» WHAT IS BEING ASKED:
One number is all that is asked for: the number of lines below that hold the string "Lindelof".

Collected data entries
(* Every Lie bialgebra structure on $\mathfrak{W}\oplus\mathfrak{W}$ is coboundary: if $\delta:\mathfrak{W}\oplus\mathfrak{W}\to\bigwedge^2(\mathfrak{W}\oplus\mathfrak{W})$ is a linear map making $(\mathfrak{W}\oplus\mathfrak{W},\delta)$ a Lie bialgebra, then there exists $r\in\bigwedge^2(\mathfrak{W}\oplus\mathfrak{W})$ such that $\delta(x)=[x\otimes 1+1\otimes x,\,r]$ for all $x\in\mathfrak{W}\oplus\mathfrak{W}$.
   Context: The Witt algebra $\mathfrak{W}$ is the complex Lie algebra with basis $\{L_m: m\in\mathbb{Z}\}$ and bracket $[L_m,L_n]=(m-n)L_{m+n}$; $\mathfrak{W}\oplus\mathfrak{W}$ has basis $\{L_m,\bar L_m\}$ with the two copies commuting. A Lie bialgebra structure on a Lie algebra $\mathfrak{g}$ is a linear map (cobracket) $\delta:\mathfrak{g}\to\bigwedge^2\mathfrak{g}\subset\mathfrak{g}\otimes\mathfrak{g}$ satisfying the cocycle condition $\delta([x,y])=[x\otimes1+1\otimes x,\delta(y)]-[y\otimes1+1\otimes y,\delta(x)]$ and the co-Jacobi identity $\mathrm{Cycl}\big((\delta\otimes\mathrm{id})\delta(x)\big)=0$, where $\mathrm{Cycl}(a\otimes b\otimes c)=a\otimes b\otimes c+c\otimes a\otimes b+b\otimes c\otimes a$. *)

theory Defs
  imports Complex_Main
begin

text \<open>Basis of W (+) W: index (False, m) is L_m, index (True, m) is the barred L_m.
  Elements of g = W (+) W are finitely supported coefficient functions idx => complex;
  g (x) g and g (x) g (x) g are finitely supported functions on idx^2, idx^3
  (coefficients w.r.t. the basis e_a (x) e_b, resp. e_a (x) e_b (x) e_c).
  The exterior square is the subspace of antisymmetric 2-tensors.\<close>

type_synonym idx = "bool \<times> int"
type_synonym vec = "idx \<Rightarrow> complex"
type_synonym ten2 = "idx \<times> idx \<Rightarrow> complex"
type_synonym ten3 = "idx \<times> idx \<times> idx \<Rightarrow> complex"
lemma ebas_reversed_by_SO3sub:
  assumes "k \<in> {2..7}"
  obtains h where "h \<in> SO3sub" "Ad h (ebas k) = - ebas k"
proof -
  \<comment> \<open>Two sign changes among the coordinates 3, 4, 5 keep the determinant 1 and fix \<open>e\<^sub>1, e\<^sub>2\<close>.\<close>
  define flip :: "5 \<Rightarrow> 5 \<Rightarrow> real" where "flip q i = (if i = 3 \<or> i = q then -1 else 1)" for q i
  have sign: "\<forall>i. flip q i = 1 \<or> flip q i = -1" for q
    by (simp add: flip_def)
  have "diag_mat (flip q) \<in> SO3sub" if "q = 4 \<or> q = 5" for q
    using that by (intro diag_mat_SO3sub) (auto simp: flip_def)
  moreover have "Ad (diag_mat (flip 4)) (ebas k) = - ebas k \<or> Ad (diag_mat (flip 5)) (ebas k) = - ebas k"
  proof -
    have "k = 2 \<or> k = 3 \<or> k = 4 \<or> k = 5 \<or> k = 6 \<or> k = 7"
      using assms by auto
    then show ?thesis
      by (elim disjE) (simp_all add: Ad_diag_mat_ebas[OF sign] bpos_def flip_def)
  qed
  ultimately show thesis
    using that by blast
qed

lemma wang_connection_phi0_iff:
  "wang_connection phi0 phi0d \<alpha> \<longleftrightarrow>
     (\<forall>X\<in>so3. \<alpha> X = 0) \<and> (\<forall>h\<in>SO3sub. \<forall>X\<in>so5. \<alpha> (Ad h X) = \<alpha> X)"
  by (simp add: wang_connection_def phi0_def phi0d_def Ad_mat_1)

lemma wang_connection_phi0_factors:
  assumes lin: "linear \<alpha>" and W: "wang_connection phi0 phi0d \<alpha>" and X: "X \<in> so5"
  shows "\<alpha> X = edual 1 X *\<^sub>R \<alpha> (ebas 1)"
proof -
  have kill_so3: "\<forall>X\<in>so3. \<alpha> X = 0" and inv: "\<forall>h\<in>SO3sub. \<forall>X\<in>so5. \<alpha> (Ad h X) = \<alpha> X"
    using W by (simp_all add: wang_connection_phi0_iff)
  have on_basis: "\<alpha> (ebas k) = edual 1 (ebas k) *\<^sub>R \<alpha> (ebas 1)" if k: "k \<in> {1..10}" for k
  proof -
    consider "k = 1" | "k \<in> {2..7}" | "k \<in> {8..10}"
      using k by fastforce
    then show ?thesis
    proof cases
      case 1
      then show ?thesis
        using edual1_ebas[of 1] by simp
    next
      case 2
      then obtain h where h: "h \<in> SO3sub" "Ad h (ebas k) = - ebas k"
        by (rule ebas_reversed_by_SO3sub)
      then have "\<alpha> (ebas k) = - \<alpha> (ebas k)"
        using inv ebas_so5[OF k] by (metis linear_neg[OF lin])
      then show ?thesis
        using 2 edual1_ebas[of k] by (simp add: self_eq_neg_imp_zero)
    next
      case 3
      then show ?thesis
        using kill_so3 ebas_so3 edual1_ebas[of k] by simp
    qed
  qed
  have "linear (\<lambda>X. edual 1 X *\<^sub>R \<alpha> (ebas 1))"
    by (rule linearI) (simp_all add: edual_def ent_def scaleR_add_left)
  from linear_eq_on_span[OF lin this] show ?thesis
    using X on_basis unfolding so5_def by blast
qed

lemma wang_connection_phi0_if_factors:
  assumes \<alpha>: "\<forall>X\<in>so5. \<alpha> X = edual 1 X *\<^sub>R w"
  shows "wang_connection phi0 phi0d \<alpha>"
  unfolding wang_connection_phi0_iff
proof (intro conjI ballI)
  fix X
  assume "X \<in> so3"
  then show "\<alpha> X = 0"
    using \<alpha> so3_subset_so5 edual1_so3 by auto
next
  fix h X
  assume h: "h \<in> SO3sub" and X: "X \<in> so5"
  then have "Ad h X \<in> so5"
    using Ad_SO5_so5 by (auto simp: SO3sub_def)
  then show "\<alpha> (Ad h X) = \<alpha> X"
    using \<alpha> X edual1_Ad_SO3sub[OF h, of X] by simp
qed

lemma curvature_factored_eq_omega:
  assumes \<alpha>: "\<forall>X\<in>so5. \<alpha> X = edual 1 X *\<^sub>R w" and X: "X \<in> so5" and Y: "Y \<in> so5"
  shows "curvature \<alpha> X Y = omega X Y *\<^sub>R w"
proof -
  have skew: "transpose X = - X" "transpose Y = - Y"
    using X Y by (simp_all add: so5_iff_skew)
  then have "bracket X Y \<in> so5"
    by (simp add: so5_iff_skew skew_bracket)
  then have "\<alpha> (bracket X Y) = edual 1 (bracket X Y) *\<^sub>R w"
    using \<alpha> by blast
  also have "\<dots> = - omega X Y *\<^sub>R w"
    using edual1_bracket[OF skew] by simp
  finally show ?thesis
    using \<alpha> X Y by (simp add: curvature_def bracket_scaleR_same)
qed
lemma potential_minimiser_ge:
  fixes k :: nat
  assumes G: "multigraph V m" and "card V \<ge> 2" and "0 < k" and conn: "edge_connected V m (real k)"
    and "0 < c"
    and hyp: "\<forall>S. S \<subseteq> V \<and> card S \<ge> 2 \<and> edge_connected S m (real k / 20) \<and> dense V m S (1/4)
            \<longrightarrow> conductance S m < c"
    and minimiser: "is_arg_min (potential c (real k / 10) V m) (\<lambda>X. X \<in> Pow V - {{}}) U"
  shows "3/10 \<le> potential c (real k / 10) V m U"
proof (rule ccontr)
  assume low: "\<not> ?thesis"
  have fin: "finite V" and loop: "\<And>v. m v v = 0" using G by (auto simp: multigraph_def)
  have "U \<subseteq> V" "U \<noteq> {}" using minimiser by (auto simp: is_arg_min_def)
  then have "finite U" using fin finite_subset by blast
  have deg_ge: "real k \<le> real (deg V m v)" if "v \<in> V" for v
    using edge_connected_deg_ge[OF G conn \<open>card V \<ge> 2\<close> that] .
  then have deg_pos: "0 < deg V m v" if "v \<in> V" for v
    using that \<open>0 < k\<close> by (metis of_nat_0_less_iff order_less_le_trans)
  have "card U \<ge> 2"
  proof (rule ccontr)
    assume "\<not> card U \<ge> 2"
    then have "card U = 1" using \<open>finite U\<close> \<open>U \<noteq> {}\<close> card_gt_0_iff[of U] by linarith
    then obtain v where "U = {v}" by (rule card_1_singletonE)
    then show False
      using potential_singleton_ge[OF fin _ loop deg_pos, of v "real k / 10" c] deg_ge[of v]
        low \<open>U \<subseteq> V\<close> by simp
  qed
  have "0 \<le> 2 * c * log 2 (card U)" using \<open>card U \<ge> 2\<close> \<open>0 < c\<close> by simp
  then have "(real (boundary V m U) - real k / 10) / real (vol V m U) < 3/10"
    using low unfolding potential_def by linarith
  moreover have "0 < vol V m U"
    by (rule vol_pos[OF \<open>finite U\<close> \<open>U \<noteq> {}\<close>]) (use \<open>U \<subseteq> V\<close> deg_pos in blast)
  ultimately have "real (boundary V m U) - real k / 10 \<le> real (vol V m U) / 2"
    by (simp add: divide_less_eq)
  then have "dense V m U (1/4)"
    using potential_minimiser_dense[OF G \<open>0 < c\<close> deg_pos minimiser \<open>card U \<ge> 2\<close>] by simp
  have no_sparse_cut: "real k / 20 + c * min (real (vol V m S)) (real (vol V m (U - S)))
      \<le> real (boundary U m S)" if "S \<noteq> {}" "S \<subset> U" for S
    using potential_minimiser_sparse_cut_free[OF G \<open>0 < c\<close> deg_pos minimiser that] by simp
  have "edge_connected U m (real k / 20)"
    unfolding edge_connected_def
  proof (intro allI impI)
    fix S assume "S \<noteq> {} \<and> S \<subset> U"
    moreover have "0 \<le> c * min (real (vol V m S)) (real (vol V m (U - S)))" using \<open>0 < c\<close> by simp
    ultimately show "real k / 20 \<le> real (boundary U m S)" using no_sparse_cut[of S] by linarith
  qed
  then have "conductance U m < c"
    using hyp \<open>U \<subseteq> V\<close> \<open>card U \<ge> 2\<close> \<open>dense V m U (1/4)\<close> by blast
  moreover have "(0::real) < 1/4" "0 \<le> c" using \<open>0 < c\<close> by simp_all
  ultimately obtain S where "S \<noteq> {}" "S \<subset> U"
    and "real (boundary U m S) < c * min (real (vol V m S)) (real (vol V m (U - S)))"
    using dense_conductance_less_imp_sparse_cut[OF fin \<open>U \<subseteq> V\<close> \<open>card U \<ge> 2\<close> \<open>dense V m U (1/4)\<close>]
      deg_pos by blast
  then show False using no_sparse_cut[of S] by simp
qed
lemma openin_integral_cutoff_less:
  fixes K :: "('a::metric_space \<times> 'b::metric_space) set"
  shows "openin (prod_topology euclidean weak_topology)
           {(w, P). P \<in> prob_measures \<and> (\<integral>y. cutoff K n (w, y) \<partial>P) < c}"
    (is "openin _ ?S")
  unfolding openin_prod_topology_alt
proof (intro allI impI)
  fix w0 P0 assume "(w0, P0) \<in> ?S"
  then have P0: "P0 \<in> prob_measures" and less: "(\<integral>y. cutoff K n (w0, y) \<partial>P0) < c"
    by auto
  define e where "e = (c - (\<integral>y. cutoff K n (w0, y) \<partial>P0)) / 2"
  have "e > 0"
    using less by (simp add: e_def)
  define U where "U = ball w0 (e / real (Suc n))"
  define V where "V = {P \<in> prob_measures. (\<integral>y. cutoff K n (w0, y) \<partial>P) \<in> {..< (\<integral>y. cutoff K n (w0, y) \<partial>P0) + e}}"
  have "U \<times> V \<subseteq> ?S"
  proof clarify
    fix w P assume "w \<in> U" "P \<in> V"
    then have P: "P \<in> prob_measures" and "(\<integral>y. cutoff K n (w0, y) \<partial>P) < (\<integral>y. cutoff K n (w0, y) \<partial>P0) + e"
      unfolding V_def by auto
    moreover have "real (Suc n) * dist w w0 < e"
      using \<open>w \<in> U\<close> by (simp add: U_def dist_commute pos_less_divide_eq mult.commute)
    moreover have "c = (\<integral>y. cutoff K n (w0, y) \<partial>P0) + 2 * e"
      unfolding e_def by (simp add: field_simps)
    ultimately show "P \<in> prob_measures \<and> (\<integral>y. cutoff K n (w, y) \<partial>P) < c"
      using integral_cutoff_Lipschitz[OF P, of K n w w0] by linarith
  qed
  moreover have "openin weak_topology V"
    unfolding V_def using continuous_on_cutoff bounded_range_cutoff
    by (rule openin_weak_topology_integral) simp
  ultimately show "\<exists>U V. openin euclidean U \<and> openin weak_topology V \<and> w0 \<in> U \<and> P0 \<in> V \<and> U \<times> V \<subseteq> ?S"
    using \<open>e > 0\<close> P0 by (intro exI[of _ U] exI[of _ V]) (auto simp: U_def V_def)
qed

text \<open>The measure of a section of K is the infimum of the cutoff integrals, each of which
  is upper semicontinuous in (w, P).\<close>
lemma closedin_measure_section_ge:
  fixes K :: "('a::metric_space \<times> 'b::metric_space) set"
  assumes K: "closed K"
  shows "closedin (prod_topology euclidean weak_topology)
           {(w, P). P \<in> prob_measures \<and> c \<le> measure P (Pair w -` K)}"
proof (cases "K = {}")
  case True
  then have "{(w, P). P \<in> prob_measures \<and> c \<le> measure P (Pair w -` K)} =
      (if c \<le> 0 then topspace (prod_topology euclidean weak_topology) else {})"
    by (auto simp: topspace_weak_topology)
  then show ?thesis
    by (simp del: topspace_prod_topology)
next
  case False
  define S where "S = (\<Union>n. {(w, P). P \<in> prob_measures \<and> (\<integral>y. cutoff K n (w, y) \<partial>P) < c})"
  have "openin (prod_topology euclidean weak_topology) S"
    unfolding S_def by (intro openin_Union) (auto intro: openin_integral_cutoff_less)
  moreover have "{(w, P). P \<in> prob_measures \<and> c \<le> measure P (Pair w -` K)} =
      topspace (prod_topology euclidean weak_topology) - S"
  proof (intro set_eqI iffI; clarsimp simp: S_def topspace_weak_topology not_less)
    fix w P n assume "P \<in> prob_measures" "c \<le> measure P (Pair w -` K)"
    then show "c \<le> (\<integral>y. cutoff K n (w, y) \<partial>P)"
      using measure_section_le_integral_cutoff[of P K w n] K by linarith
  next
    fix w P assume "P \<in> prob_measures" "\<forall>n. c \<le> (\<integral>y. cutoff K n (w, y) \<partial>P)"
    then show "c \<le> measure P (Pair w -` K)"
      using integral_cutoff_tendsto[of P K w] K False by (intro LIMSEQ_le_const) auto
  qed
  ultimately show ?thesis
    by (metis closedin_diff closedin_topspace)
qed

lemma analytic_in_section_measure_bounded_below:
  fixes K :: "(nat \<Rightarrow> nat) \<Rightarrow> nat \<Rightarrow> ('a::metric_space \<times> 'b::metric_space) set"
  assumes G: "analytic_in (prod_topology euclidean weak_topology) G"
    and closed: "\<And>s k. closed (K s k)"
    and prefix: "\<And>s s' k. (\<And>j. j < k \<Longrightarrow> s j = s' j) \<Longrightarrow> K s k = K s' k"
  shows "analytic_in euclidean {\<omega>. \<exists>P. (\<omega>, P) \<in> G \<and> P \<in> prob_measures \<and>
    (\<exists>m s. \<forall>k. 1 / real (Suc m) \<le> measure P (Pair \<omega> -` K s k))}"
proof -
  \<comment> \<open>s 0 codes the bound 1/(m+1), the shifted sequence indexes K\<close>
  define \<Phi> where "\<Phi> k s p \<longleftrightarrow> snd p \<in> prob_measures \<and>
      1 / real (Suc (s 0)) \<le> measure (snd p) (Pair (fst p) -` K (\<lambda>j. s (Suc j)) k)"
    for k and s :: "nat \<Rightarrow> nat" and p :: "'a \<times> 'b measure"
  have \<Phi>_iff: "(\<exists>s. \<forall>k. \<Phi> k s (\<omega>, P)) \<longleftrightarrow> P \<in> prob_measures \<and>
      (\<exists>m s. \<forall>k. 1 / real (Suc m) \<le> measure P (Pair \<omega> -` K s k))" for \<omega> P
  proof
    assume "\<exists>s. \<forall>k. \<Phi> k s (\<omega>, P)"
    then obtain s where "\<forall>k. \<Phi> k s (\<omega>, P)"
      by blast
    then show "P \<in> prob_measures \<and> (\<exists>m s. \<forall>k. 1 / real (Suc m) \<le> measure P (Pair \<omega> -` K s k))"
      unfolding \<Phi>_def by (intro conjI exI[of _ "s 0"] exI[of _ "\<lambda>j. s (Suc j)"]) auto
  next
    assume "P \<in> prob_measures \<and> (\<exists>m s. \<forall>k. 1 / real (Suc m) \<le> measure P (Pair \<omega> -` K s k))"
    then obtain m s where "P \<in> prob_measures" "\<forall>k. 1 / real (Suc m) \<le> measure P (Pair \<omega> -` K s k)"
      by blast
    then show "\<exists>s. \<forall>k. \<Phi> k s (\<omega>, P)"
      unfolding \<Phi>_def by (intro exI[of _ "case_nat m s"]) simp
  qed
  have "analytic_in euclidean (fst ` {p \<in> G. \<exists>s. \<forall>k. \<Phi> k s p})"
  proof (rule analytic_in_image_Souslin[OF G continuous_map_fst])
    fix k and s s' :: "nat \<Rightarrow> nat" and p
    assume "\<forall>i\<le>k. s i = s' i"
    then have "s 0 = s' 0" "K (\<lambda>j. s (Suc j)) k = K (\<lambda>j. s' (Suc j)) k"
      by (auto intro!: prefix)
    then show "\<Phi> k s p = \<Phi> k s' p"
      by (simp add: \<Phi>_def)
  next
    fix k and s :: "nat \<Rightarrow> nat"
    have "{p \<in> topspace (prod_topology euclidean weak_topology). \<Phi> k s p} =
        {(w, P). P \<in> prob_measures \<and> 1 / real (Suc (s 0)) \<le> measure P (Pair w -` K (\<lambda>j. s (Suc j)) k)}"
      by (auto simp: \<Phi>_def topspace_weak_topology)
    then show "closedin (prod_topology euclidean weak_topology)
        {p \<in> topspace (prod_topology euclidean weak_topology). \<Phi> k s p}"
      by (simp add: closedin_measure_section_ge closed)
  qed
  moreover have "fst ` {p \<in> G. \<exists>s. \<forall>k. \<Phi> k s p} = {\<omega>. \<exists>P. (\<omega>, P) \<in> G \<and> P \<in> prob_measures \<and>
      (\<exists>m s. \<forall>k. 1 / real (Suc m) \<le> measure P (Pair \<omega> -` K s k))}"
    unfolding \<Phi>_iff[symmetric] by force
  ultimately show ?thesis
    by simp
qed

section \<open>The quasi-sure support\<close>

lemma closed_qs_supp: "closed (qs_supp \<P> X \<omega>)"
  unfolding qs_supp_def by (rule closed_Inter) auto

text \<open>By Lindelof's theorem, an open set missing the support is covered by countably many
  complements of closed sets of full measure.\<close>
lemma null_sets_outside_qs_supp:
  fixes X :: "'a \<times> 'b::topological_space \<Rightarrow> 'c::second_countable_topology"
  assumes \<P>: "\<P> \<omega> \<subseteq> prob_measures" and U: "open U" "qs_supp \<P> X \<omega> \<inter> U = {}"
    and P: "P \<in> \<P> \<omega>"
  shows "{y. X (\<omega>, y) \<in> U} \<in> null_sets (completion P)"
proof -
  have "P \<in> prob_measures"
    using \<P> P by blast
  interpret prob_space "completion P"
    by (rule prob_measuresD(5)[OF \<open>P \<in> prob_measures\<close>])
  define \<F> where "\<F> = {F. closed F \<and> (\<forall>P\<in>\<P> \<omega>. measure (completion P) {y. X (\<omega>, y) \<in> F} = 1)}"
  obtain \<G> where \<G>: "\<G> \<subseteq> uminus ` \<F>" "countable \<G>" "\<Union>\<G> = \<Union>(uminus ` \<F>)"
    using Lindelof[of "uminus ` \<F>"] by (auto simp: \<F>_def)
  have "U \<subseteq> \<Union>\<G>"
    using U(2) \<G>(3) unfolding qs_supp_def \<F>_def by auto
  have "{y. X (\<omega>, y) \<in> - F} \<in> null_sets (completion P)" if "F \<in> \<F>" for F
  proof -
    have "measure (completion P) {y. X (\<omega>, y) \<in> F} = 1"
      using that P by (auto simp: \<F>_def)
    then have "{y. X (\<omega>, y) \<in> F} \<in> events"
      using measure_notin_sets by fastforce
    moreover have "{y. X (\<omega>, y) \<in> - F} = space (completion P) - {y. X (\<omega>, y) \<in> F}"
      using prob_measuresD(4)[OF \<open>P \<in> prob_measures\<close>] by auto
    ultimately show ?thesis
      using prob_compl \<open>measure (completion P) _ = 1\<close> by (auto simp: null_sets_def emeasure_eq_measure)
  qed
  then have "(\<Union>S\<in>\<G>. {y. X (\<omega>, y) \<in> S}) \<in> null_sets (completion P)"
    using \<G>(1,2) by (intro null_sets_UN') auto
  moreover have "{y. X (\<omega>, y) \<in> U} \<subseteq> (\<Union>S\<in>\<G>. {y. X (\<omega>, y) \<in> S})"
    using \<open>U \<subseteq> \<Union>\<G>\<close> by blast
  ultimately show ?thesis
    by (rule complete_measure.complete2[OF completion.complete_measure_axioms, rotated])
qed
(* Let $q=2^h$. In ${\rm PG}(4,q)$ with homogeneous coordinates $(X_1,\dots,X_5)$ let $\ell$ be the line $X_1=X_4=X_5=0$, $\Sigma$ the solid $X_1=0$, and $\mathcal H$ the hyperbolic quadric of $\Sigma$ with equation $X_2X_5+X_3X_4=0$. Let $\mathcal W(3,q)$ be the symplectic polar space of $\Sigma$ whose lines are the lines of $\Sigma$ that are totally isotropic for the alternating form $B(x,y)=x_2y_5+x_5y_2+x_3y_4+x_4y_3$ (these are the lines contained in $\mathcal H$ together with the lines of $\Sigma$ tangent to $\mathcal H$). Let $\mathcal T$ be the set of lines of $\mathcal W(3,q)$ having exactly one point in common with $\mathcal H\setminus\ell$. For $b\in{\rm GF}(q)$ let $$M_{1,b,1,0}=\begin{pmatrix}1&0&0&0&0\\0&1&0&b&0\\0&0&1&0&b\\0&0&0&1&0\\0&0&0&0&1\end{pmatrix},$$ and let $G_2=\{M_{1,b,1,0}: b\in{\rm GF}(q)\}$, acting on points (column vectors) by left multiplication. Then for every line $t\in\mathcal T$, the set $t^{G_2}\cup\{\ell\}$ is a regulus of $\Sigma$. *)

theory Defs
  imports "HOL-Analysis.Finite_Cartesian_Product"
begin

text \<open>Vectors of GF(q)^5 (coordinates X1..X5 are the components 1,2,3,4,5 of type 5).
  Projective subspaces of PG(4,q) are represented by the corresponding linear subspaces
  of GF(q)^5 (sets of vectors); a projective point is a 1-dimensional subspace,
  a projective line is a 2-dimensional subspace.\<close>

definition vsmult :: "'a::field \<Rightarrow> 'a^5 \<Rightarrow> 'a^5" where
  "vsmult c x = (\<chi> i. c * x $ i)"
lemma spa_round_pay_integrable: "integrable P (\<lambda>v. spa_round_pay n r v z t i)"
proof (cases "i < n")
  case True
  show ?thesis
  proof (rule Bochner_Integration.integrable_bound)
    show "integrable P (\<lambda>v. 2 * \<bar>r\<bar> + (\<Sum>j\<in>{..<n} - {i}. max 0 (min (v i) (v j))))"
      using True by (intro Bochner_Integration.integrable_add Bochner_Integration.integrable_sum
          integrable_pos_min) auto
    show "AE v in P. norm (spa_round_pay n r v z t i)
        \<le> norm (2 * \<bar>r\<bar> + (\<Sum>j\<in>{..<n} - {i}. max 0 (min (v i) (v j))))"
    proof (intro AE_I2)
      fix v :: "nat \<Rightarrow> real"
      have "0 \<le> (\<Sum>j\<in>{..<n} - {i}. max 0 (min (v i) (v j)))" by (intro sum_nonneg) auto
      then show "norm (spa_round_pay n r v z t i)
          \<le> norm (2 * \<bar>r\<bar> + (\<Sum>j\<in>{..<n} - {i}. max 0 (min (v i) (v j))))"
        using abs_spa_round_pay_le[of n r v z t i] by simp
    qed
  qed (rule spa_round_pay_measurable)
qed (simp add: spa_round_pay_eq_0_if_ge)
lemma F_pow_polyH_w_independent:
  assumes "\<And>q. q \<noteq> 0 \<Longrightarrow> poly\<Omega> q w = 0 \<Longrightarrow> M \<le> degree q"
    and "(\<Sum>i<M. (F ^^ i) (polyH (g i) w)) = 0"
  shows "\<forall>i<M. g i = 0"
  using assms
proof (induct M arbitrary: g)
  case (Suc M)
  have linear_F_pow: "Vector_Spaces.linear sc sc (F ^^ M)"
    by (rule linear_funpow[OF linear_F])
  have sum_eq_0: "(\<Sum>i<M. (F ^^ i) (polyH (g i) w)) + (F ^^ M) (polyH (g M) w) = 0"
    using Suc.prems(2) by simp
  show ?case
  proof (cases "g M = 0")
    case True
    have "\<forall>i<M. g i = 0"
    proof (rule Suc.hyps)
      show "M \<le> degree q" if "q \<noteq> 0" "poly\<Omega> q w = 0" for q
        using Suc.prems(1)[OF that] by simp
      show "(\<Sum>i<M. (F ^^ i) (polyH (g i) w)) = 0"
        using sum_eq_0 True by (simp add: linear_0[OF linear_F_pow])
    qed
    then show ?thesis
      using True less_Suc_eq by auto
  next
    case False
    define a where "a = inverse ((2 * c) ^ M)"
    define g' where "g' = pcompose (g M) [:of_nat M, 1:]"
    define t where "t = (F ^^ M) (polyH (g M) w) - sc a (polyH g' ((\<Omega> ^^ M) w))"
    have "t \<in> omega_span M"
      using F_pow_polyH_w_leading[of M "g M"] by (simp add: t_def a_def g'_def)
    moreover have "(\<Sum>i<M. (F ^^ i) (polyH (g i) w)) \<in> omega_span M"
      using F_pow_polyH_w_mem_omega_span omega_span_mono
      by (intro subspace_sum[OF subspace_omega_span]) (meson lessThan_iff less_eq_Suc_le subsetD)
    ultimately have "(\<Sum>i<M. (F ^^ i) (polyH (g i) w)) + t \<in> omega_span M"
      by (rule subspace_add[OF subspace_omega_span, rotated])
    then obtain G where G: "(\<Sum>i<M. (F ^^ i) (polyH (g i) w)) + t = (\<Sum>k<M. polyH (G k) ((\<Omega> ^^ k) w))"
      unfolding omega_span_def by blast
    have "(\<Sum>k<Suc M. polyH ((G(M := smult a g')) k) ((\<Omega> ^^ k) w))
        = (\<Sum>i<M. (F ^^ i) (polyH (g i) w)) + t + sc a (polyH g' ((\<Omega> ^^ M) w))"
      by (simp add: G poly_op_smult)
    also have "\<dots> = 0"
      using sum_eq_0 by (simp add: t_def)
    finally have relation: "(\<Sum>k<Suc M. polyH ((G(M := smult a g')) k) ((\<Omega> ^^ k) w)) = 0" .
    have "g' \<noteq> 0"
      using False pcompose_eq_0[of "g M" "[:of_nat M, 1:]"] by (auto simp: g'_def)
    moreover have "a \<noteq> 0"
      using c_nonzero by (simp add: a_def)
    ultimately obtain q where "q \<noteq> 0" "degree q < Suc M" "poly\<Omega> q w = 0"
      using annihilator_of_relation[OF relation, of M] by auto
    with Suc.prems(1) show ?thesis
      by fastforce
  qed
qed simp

» ANSWER TO THE PROBLEM:
2